Last Updated: Friday - 09/24/2010
Week of April 7, 2003
Iraq conflict demands action
Pray that this war gives way to peace
By BISHOP FRED HENRY
The tragic situation of the war in Iraq fills me with a profound sadness and desolation as it has already caused incredible suffering, with the promise of more to come, and constitutes a profound defeat for humanity.
War is never just another means that one can chose to employ for settling differences between nations, even when it is a matter of ensuring the common good, except as the very last option, in accordance with very strict conditions, and taking into account all the consequences for the civilian population.
The United Nations Charter, customary international law and precedent-setting case law all take a narrow view of the use of force for self-defence. An exception for pre-emptive action can be justified only when the threat of attack is instant, overwhelming and leaving no choice of means and no moment for deliberation.
The just war theory warrants pre-emptive force only when there is a manifest intent to injure, a degree of active preparation that makes that intent a positive danger and a general situation in which waiting or doing anything other than fighting greatly magnifies the risk.
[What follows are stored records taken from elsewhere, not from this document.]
lemma skew_scaleR [simp]: "skew (c *\<^sub>R x) u v = c * skew x u v"
  by (simp add: skew_def)

definition fA_lin :: "('v::{linorder,finite} \<Rightarrow> 'v \<Rightarrow> real) \<Rightarrow> ('v \<times> 'v) set
                  \<Rightarrow> (real, 'v \<times> 'v) vec \<Rightarrow> (real, 'v) vec" where
  "fA_lin A E h = (\<chi> u. \<Sum>v \<in> {v. (u, v) \<in> Etil E}. (A u v + A v u) * skew h u v)"

lemma linear_fA_lin: "linear (fA_lin A E)"
  by (rule linearI)
    (simp_all add: vec_eq_iff fA_lin_def distrib_left sum.distrib sum_distrib_left algebra_simps)

lemma bounded_linear_fA_lin: "bounded_linear (fA_lin A E)"
  using linear_fA_lin linear_conv_bounded_linear by blast

lemma sum_Etil_skew_square_le: "(\<Sum>(u, v)\<in>Etil E. (skew h u v)\<^sup>2) \<le> 2 * (norm h)\<^sup>2"
proof -
  have swap: "(\<Sum>p\<in>UNIV. (h $ (snd p, fst p))\<^sup>2) = (\<Sum>p\<in>UNIV. (h $ p)\<^sup>2)"
    by (rule sum.reindex_bij_witness[where i = prod.swap and j = prod.swap]) auto
  have "(\<Sum>(u, v)\<in>Etil E. (skew h u v)\<^sup>2) \<le> (\<Sum>(u, v)\<in>Etil E. (h $ (u, v))\<^sup>2 + (h $ (v, u))\<^sup>2)"
    by (rule sum_mono) (auto simp: skew_def)
  also have "\<dots> \<le> (\<Sum>(u, v)\<in>UNIV. (h $ (u, v))\<^sup>2 + (h $ (v, u))\<^sup>2)"
    by (rule sum_mono2) auto
  also have "\<dots> = 2 * (\<Sum>p\<in>UNIV. (h $ p)\<^sup>2)"
    using swap by (simp add: sum.distrib case_prod_unfold)
  also have "\<dots> = 2 * (norm h)\<^sup>2"
    unfolding power2_norm_eq_inner by (simp add: inner_vec_def power2_eq_square)
  finally show ?thesis .
qed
These conditions were not met in the case of Iraq.
Despite the argument that the war against terror is a totally new kind of war, weapons of mass destruction have been around for centuries. Biological weapons and chemical weapons have been around at least since the First World War and nuclear weapons have been with us for over 50 years. Moral limitations do not disappear in the light of technological innovations.
Despite the rhetoric - "when it comes to our security, we don't need anybody's permission. This is the last phase of diplomacy" - this crisis belongs to the world, and it is for the world to solve, not just the United States and Britain. Regrettably, at a time when great patience was needed, it was found wanting.
In its absence, there has been no shortage of finger pointing and name-calling. It is as wrong to accuse the Russians, French and Germans of simply acting out of self-interested motives as it is to accuse the Americans of being chiefly concerned with oil.
Collectively, we are all "morons" for allowing this to happen, and lacking in "statesmanship."
As a Canadian, I applaud the efforts of the Canadian government not to become involved in this conflict, and the prime minister in every undertaking toward international solidarity and enduring peace in our world.
As a churchman in this troubled time, I invite all people of good will and all my fellow Catholics during this Lent to pray that war give way to peace and that the innocent be spared from its most devastating effects.
As a believer, I have prayed repeatedly: "Eternal God, in whose perfect kingdom no sword is drawn but the sword of righteousness, no strength known but the strength of love; so mightily spread abroad your Spirit, that all peoples may be gathered under the banner of the Prince of Peace, as children of one Father; to whom be dominion and glory, now and forever. Amen."
As a humanitarian, I am moved to try to do something about the expected outcome of the war. Most aid agencies, including the United Nations offices, agree that war will intensify the humanitarian crisis in Iraq.
The civilian population in Iraq is already extremely vulnerable due to shortages and lack of infrastructure caused by the first Gulf War in 1991 and the following 12 years of embargo.
According to the most recent report published by Human Rights Watch, Iraq faces acute food shortages, as well as a serious lack of shelter, clean water and medicines to respond to the needs of its population.
In 2002, UNICEF found that one-third of children in the south and centre of Iraq suffered from chronic malnutrition.
As a result of the war, hundreds of thousands will require medical treatment for traumatic injuries.
Civilian deaths never end with the last bombs. Human suffering persists as health problems multiply due to lack of infrastructure and the lack of refrigeration, electricity and sewage treatment.
The expected scale of the situation is directly dependent on the intensity and duration of the conflict. The United Nations estimates are that the number of internally displaced persons could increase to two million and the refugees outside the country could reach between 600,000 and 1.5 million.
As an expression of solidarity with my suffering brothers and sisters, I have made a financial donation to the Canadian Catholic Organization for Development and Peace (a member of Caritas Internationalis) to lend support to a variety of humanitarian assistance activities. I invite you to do the same.
I have made a financial donation to the Canadian Catholic Organization for Development and Peace (a member of Caritas Internationalis) to lend support to a variety of humanitarian assistance activities.